Secondhand Breitling super ocean heritage would be my choice 

Don't split the budget up (!). You'll never regret getting one great watch instead of three mediocre.

You could also look at more expensive micro brands like H2O or get something esoteric like a Seiko Marinemaster.


----------



## tixntox (Jul 17, 2009)

Bjorn1 said:


> Secondhand Breitling super ocean heritage would be my choice
> 
> Don't split the budget up (!). You'll never regret getting one great watch instead of three mediocre.
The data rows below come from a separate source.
(* Let $\mathcal{V}$ be a locally small symmetric monoidal closed category. Then $\mathrm{StrMono}_{\mathcal{V}}\underline{\mathcal{V}}=\mathrm{StrMono}\,\mathcal{V}$.
   Context: $\underline{\mathcal{V}}$ is the self-enrichment of $\mathcal{V}$. For a $\mathcal{V}$-category $\mathbf{A}$: $\mathcal{V}$-monos are morphisms $m$ with every $\mathbf{A}(A,m)$ mono in $\mathcal{V}$, $\mathcal{V}$-epis are $\mathcal{V}$-monos in $\mathbf{A}^{\mathrm{op}}$; $e\downarrow_{\mathcal{V}}m$ for $e:A_1\to A_2$, $m:B_1\to B_2$ means the square formed by $\mathbf{A}(A_2,m)$, $\mathbf{A}(e,B_1)$, $\mathbf{A}(e,B_2)$, $\mathbf{A}(A_1,m)$ is a pullback in $\mathcal{V}$; $\mathcal{E}^{\downarrow_{\mathcal{V}}}$ is the class of $m$ with $e\downarrow_{\mathcal{V}}m$ for all $e\in\mathcal{E}$. $\mathrm{StrMono}_{\mathcal{V}}\mathbf{A}:=(\mathrm{Epi}_{\mathcal{V}}\mathbf{A})^{\downarrow_{\mathcal{V}}}\cap\mathrm{Mono}_{\mathcal{V}}\mathbf{A}$. The ordinary class $\mathrm{StrMono}\,\mathcal{V}=(\mathrm{Epi}\,\mathcal{V})^{\downarrow}\cap\mathrm{Mono}\,\mathcal{V}$ consists of the strong monomorphisms of $\mathcal{V}$ (monos with the unique diagonal fill-in property against all epis). *)

theory Defs
  imports Main
begin

text \<open>A (locally small) category is represented with a type of objects and a
type of morphisms; every element of these types is an object/morphism.
Composition is total on the type but only meaningful on composable pairs.\<close>

record ('o, 'm) smc_data =
  sdom   :: "'m \<Rightarrow> 'o"
  scod   :: "'m \<Rightarrow> 'o"
  scomp  :: "'m \<Rightarrow> 'm \<Rightarrow> 'm"          \<comment> \<open>scomp g f = g o f\<close>
  sid    :: "'o \<Rightarrow> 'm"
  tobj   :: "'o \<Rightarrow> 'o \<Rightarrow> 'o"
  tarr   :: "'m \<Rightarrow> 'm \<Rightarrow> 'm"
  tunit  :: "'o"
  assoc  :: "'o \<Rightarrow> 'o \<Rightarrow> 'o \<Rightarrow> 'm"
  lunit  :: "'o \<Rightarrow> 'm"
  runit  :: "'o \<Rightarrow> 'm"
  symm   :: "'o \<Rightarrow> 'o \<Rightarrow> 'm"
  ihom   :: "'o \<Rightarrow> 'o \<Rightarrow> 'o"
  ev     :: "'o \<Rightarrow> 'o \<Rightarrow> 'm"

definition hom_in :: "('o,'m,'x) smc_data_scheme \<Rightarrow> 'm \<Rightarrow> 'o \<Rightarrow> 'o \<Rightarrow> bool" where
  "hom_in V f A B \<longleftrightarrow> sdom V f = A \<and> scod V f = B"

definition is_category :: "('o,'m,'x) smc_data_scheme \<Rightarrow> bool" where
  "is_category V \<longleftrightarrow>
     (\<forall>A. hom_in V (sid V A) A A) \<and>
     (\<forall>f g. scod V f = sdom V g \<longrightarrow> hom_in V (scomp V g f) (sdom V f) (scod V g)) \<and>
     (\<forall>f. scomp V (sid V (scod V f)) f = f \<and> scomp V f (sid V (sdom V f)) = f) \<and>
     (\<forall>f g h. scod V f = sdom V g \<and> scod V g = sdom V h \<longrightarrow>
         scomp V h (scomp V g f) = scomp V (scomp V h g) f)"

definition is_iso :: "('o,'m,'x) smc_data_scheme \<Rightarrow> 'm \<Rightarrow> bool" where
  "is_iso V f \<longleftrightarrow> (\<exists>g. hom_in V g (scod V f) (sdom V f) \<and>
       scomp V g f = sid V (sdom V f) \<and> scomp V f g = sid V (scod V f))"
I have a Breitling and a Tissot and like them both! I could never describe my Tissot as mediocre!

Mike


----------



## crsj (May 26, 2009)

How about a Certina? Same price range as Tissot and Longines and a great looking diver. You'd be left with grand which you could spend on either a s*** load of G Shocks, or a night out in Barcelona or Amsterdam....


----------



## Drum2000 (Apr 2, 2010)

Spudley72 said:


> Something I learned pretty quickly with watches is that you have to go with what you like and then try it on, don't be put off what you like until you have counted it out yourself....otherwise you may end up regretting it.
> 
> You have a huge choice there for your budget....you need to get to the shops and get some on your wrists, which for me, is the best advice I have been given.


Yup.


----------



## Docta13 (Nov 18, 2012)

Just put it all down as a deposit on a new PO, you won't regret it!


----------



## Flesh (May 27, 2013)

Drum2000 said:


> Spudley72 said:
> 
> 
> > Something I learned pretty quickly with watches is that you have to go with what you like and then try it on, don't be put off what you like until you have counted it out yourself....otherwise you may end up regretting it.
> ...


  Something I've been doing but then I see something "bling" that blows the budget and everything pales into insignificance........

Not been escorted out of any of the prestigious shops yet though but working on it....

Some fantastic watches you lot have been suggesting. The H2O's look amazing...


----------